Wednesday, April 20, 2011

The red lips of miss A.

When I was 11, London was a sequence of vignettes in a textbook, a collection of drawings of double-deckers and police caps, a mantra: Oxford, Trafalgar and Piccadilly Circus, a delightful vibration in the red lips of Miss A. London was gentle and mysterious, more alive in fiction than in reality. The country was a doodle of a handful of arrows over the head of William the Conqueror. Again, gentle and magic, like a Harry Potter stuff before Harry Potter. The landladies were fat and quite smokers, Mary was gorgeous and the main character of the course, a guy, a total failure. English was a set of dreadful drills and the audition of the forecast, the very top of the test. There was a dozen ways for naming the rain; Shakespeare was a man strangled in a neck clothe, always holding a quill pen, always bald, always wearing a goatee. The time was said in sharps and o'clocks; the verbs, eat-ate-eaten. Pronunciation, a deep impossibility. The whole language of songs and streets bore little resemblance with the studied lessons.
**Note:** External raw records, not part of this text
definition contract :: "'v set trigraph \<Rightarrow> 'v set \<Rightarrow> 'v set \<Rightarrow> 'v set trigraph" where
  "contract T u v =
    (let w = u \<union> v; Z = tverts T - {u, v} in
     (insert w Z,
      {e \<in> tblack T. u \<notin> e \<and> v \<notin> e} \<union>
        {{w, z} | z. z \<in> Z \<and> {u, z} \<in> tblack T \<and> {v, z} \<in> tblack T},
      {e \<in> tred T. u \<notin> e \<and> v \<notin> e} \<union>
        {{w, z} | z. z \<in> Z \<and> ({u, z} \<in> tblack T \<union> tred T \<or> {v, z} \<in> tblack T \<union> tred T)
                  \<and> \<not> ({u, z} \<in> tblack T \<and> {v, z} \<in> tblack T)}))"

definition apply_seq :: "'v set trigraph \<Rightarrow> ('v set \<times> 'v set) list \<Rightarrow> 'v set trigraph" where
  "apply_seq T ps = foldl (\<lambda>T' p. contract T' (fst p) (snd p)) T ps"

definition partial_contraction_seq :: "'v trigraph \<Rightarrow> ('v set \<times> 'v set) list \<Rightarrow> bool" where
  "partial_contraction_seq G ps \<longleftrightarrow>
     (\<forall>k < length ps. let T = apply_seq (lift G) (take k ps) in
        fst (ps ! k) \<in> tverts T \<and> snd (ps ! k) \<in> tverts T \<and> fst (ps ! k) \<noteq> snd (ps ! k))"

text \<open>Fence gadget with A = a ` {1..6}, B = b ` {1..6}.\<close>
definition fence_black :: "(nat \<Rightarrow> 'v) \<Rightarrow> (nat \<Rightarrow> 'v) \<Rightarrow> 'v set set" where
  "fence_black a b =
     {{a i, a (i mod 6 + 1)} | i. i \<in> {1..6}} \<union> {{b i, b (i mod 6 + 1)} | i. i \<in> {1..6}}
     \<union> {{b 1, a 6}}"

definition fence_red :: "(nat \<Rightarrow> 'v) \<Rightarrow> (nat \<Rightarrow> 'v) \<Rightarrow> 'v set set" where
  "fence_red a b = {{a i, b i} | i. i \<in> {1..6}} \<union> {{a i, b (i + 1)} | i. i \<in> {1..5}}"

definition fence_verts :: "(nat \<Rightarrow> 'v) \<Rightarrow> (nat \<Rightarrow> 'v) \<Rightarrow> 'v set" where
  "fence_verts a b = a ` {1..6} \<union> b ` {1..6}"

definition contains_fence :: "'v trigraph \<Rightarrow> (nat \<Rightarrow> 'v) \<Rightarrow> (nat \<Rightarrow> 'v) \<Rightarrow> bool" where
  "contains_fence G a b \<longleftrightarrow>
     inj_on a {1..6} \<and> inj_on b {1..6} \<and> a ` {1..6} \<inter> b ` {1..6} = {} \<and>
     fence_verts a b \<subseteq> tverts G \<and>
     (\<forall>x \<in> fence_verts a b. \<forall>y \<in> fence_verts a b. x \<noteq> y \<longrightarrow>
        ({x, y} \<in> tblack G \<longleftrightarrow> {x, y} \<in> fence_black a b) \<and>
        ({x, y} \<in> tred G \<longleftrightarrow> {x, y} \<in> fence_red a b))"

definition fence_attached :: "'v trigraph \<Rightarrow> (nat \<Rightarrow> 'v) \<Rightarrow> (nat \<Rightarrow> 'v) \<Rightarrow> 'v set \<Rightarrow> bool" where
  "fence_attached G a b S \<longleftrightarrow>
     S \<noteq> {} \<and> S \<subseteq> tverts G - fence_verts a b \<and>
     (\<forall>i \<in> {1..6}. \<forall>s \<in> S. {a i, s} \<in> tblack G \<and> {b i, s} \<notin> tblack G \<union> tred G)"

definition involves_pair :: "'v set \<Rightarrow> 'v set \<Rightarrow> 'v \<Rightarrow> 'v \<Rightarrow> bool" where
  "involves_pair u u' x y \<longleftrightarrow> (x \<in> u \<and> y \<in> u') \<or> (x \<in> u' \<and> y \<in> u)"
What I now see daily used to belong to a distant realm, to an unreachable, mysterious land. London boiled in my imagination and so far and unapproachable it looked like that I was content with contemplating it sparkling through the glass, as the thoughts were not indeed mine or could not ever be seized or fastened.

I don't know why from time to time I come to think about this. I guess I miss things being this way. I wish I could relish again the mystery of those virginal days, only for a quick second. (That should be plainly enough, in the same way you don't need more than that to gather a score of memories from the wake of a smell). If you look straight into the eyes of life, and you are in the proper mood, you shall not find more than a pair of black, tiny pin-heads (shark's eyes), full of delusion.